Henry was reassigned to the House Civil Law and Procedure Committee while Harrison was moved to the House Commerce Committee.

When Sen. Dan Claitor (R-Baton Rouge) jokingly referred to himself as the “former member of the Senate Finance Committee” during Thursday’s joint hearings by the House Appropriations and the Senate Finance Committee, he was closer to the truth than even he wanted to admit.

Claitor had just objected to a motion by Senate President John Alario (R-Westwego) to defer action on the proposed contract between Blue Cross/Blue Shield (BCBS) and the state that called for BCBS to take over as third party administrator for the Office of Group Benefit’s (OGB) Preferred Provider Organization health coverage plan.

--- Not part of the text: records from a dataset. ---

(* Let $s_1,\dots,s_n\in\{0,1\}^{<\mathbb N}$ with $s_i\notin\{1^m:m\ge0\}$ for each $i$, and let $t_1,\dots,t_n\in\mathbb Z$ with $\sum_{i=1}^n t_i=0$. Then $y_{s_1}^{t_1}\cdots y_{s_n}^{t_n}\in S$.
   Context: Let $\{0,1\}^{\mathbb N}$ be the Cantor set of infinite binary sequences and $\{0,1\}^{<\mathbb N}$ the set of finite binary words, including the empty word (note $1^0$ is the empty word); juxtaposition denotes concatenation, $0^n,1^n$ denote constant words. Homeomorphisms act on the right. Define $x,y$ by $00\eta\cdot x=0\eta$, $01\eta\cdot x=10\eta$, $1\eta\cdot x=11\eta$, and recursively $00\eta\cdot y=0(\eta\cdot y)$, $01\eta\cdot y=10(\eta\cdot y^{-1})$, $1\eta\cdot y=11(\eta\cdot y)$; $x_s$ (resp. $y_s$) sends $s\eta\mapsto s(\eta\cdot x)$ (resp. $s(\eta\cdot y)$) and fixes sequences not beginning with $s$. For $n\ge0$, $p_n$ is the homeomorphism with $1^k0\eta\cdot p_n=1^{k+1}0\eta$ for $0\le k\le n-1$, $1^n0\eta\cdot p_n=1^{n+1}\eta$, and $1^{n+1}\eta\cdot p_n=0\eta$. $T$ is the group generated by all $x_s$ and all $p_n$, and $S=\langle T,\ y_{10}y_{110}^{-1}\rangle$. *)

theory Defs
  imports Main
begin

text \<open>Cantor space: infinite binary sequences, with False = 0 and True = 1.
  Finite words are bool lists.  Homeomorphisms act on the right, so the group
  product g h (first g, then h) is the function composition h \<circ> g.\<close>

type_synonym seq = "nat \<Rightarrow> bool"
type_synonym homeo = "seq \<Rightarrow> seq"

definition conc :: "bool list \<Rightarrow> seq \<Rightarrow> seq" where
  "conc w \<eta> = (\<lambda>k. if k < length w then w ! k else \<eta> (k - length w))"

definition shift :: "nat \<Rightarrow> seq \<Rightarrow> seq" where
  "shift n \<eta> = (\<lambda>k. \<eta> (k + n))"

definition has_prefix :: "bool list \<Rightarrow> seq \<Rightarrow> bool" where
  "has_prefix w \<eta> \<longleftrightarrow> (\<forall>k<length w. \<eta> k = w ! k)"

definition at_word :: "bool list \<Rightarrow> homeo \<Rightarrow> homeo" where
  "at_word s h \<eta> = (if has_prefix s \<eta> then conc s (h (shift (length s) \<eta>)) else \<eta>)"

definition xmap :: homeo where
  "xmap \<eta> =
     (if \<not> \<eta> 0 \<and> \<not> \<eta> 1 then conc [False] (shift 2 \<eta>)
      else if \<not> \<eta> 0 \<and> \<eta> 1 then conc [True, False] (shift 2 \<eta>)
      else conc [True, True] (shift 1 \<eta>))"

definition ymap :: homeo where
  "ymap = (THE f. bij f \<and>
     (\<forall>\<eta>. f (conc [False, False] \<eta>) = conc [False] (f \<eta>)
        \<and> f (conc [False, True] \<eta>) = conc [True, False] (inv f \<eta>)
        \<and> f (conc [True] \<eta>) = conc [True, True] (f \<eta>)))"

definition xs :: "bool list \<Rightarrow> homeo" where
  "xs s = at_word s xmap"

definition ys :: "bool list \<Rightarrow> homeo" where
  "ys s = at_word s ymap"

definition pmap :: "nat \<Rightarrow> homeo" where
  "pmap n \<eta> =
     (if has_prefix (replicate (n+1) True) \<eta> then conc [False] (shift (n+1) \<eta>)
      else if has_prefix (replicate n True @ [False]) \<eta>
        then conc (replicate (n+1) True) (shift (n+1) \<eta>)
      else conc [True] \<eta>)"
(* Let $\Lambda$ be a finite chain (path graph) with vertices $1,\dots,L$, $L\geq2$, and edges $(x,x+1)$ with arbitrary positive jump rates. For the symmetric simple exclusion process on $\Lambda$, $\lambda(n)=\lambda(1)$ for all $1\le n\le L-1$.
   Context: The SSEP with jump rates $c_{xy}>0$ has generator $(Lf)(\eta)=\sum_{x\sim y}c_{xy}(f(\eta)-f(\eta^{xy}))$ on functions on $\{0,1\}^\Lambda$, where $\eta^{xy}$ interchanges the values of $\eta$ at $x$ and $y$. $L$ preserves the space of functions supported on configurations with exactly $n$ particles ($\sum_x\eta(x)=n$), and $\lambda(n)$ is the smallest positive eigenvalue of $L$ restricted to this space. *)

theory Defs
  imports Complex_Main
begin

text \<open>Chain with vertices 1..L and edges (x, x+1), 1 <= x <= L-1.
  A configuration eta in {0,1}^Lambda is represented by its set of occupied sites.\<close>

definition exch :: "nat \<Rightarrow> nat \<Rightarrow> nat set \<Rightarrow> nat set" where
  "exch x y A = (\<lambda>z. if z = x then y else if z = y then x else z) ` A"

definition configs :: "nat \<Rightarrow> nat \<Rightarrow> nat set set" where
  "configs L n = {A. A \<subseteq> {1..L} \<and> card A = n}"

definition ssep_gen :: "nat \<Rightarrow> (nat \<Rightarrow> real) \<Rightarrow> (nat set \<Rightarrow> real) \<Rightarrow> nat set \<Rightarrow> real" where
  "ssep_gen L c f A = (\<Sum>x\<in>{1..<L}. c x * (f A - f (exch x (x+1) A)))"

definition is_eigenvalue_n :: "nat \<Rightarrow> (nat \<Rightarrow> real) \<Rightarrow> nat \<Rightarrow> real \<Rightarrow> bool" where
  "is_eigenvalue_n L c n \<mu> \<longleftrightarrow>
     (\<exists>f. (\<exists>A\<in>configs L n. f A \<noteq> 0) \<and> (\<forall>A\<in>configs L n. ssep_gen L c f A = \<mu> * f A))"

definition spectral_gap :: "nat \<Rightarrow> (nat \<Rightarrow> real) \<Rightarrow> nat \<Rightarrow> real" where
  "spectral_gap L c n = Inf {\<mu>. \<mu> > 0 \<and> is_eigenvalue_n L c n \<mu>}"

end

theory Submission
  imports Defs "HOL-Analysis.Analysis"
begin

text \<open>
  For one particle the exclusion process is the random walk on the chain, and summing a
  random-walk eigenfunction over the occupied sites gives an eigenfunction of the n-particle
  generator with the same eigenvalue; hence lambda(n) <= lambda(1).

  Conversely, the spectral gap gamma of the random walk is a Poincare constant for the exclusion
  process with any number of particles, by induction on the length of the chain. A mean-zero f on
  n-particle configurations splits as f(A) = sum_{x in A} g(x) + w(A), the two parts being
  orthogonal both in l^2 and for the Dirichlet form, where w has vanishing one-site marginals. The
  first part is controlled by the Poincare inequality of the random walk. Restricted to the
  configurations with the last site empty, resp. occupied, w gives two mean-zero functions on the
  shorter chain; dropping the last edge only decreases the Dirichlet form, and the random-walk
  gap of the shorter chain is at least gamma, so the induction hypothesis bounds both pieces.
\<close>

section \<open>The exclusion generator\<close>

definition adj_swap :: "nat \<Rightarrow> nat \<Rightarrow> nat" where
  "adj_swap y z = (if z = y then Suc y else if z = Suc y then y else z)"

His objection forced a vote on Alario’s motion and the motion subsequently passed by a vote of 11-3 but the House never got a chance to vote because Commissioner of Administration Kristy Nichols pulled the contract from the committees’ agenda before the House members could vote on Rep. Katrina Jackson’s substitute motion to reject the contract.

Claitor, at this writing, still has his seat on the Senate Finance Committee but that, as Jindal has shown, is subject to change on very short notice.

The latest purge brings to four the number of legislators Gov. Piyush “The Putsch” Jindal has teagued this year for having the temerity to oppose the state’s absentee chief executive. Earlier this year, Reps. James Morris (R-Oil City) and Harold Richie (D-Bogalusa) were removed from the vice-chairmanship of their respective committees.

Morris was demoted from the House Natural Resources and Environment Committee for opposing Jindal’s decision to use one-time money to fund recurring expenses in the state’s General Budget. Richie opposed tax rebates for those who donate money to private and parochial schools.

Jindal has made it abundantly clear on several other occasions that dissention will not be tolerated in his administration. There is simply no room for dialog. This incredibly petulant governor has never learned that politics is the art of compromise. He has fired department heads, university presidents, physicians, attorneys, board members and rank and file employees at the slightest hint that they are not 100 percent on board with his agenda.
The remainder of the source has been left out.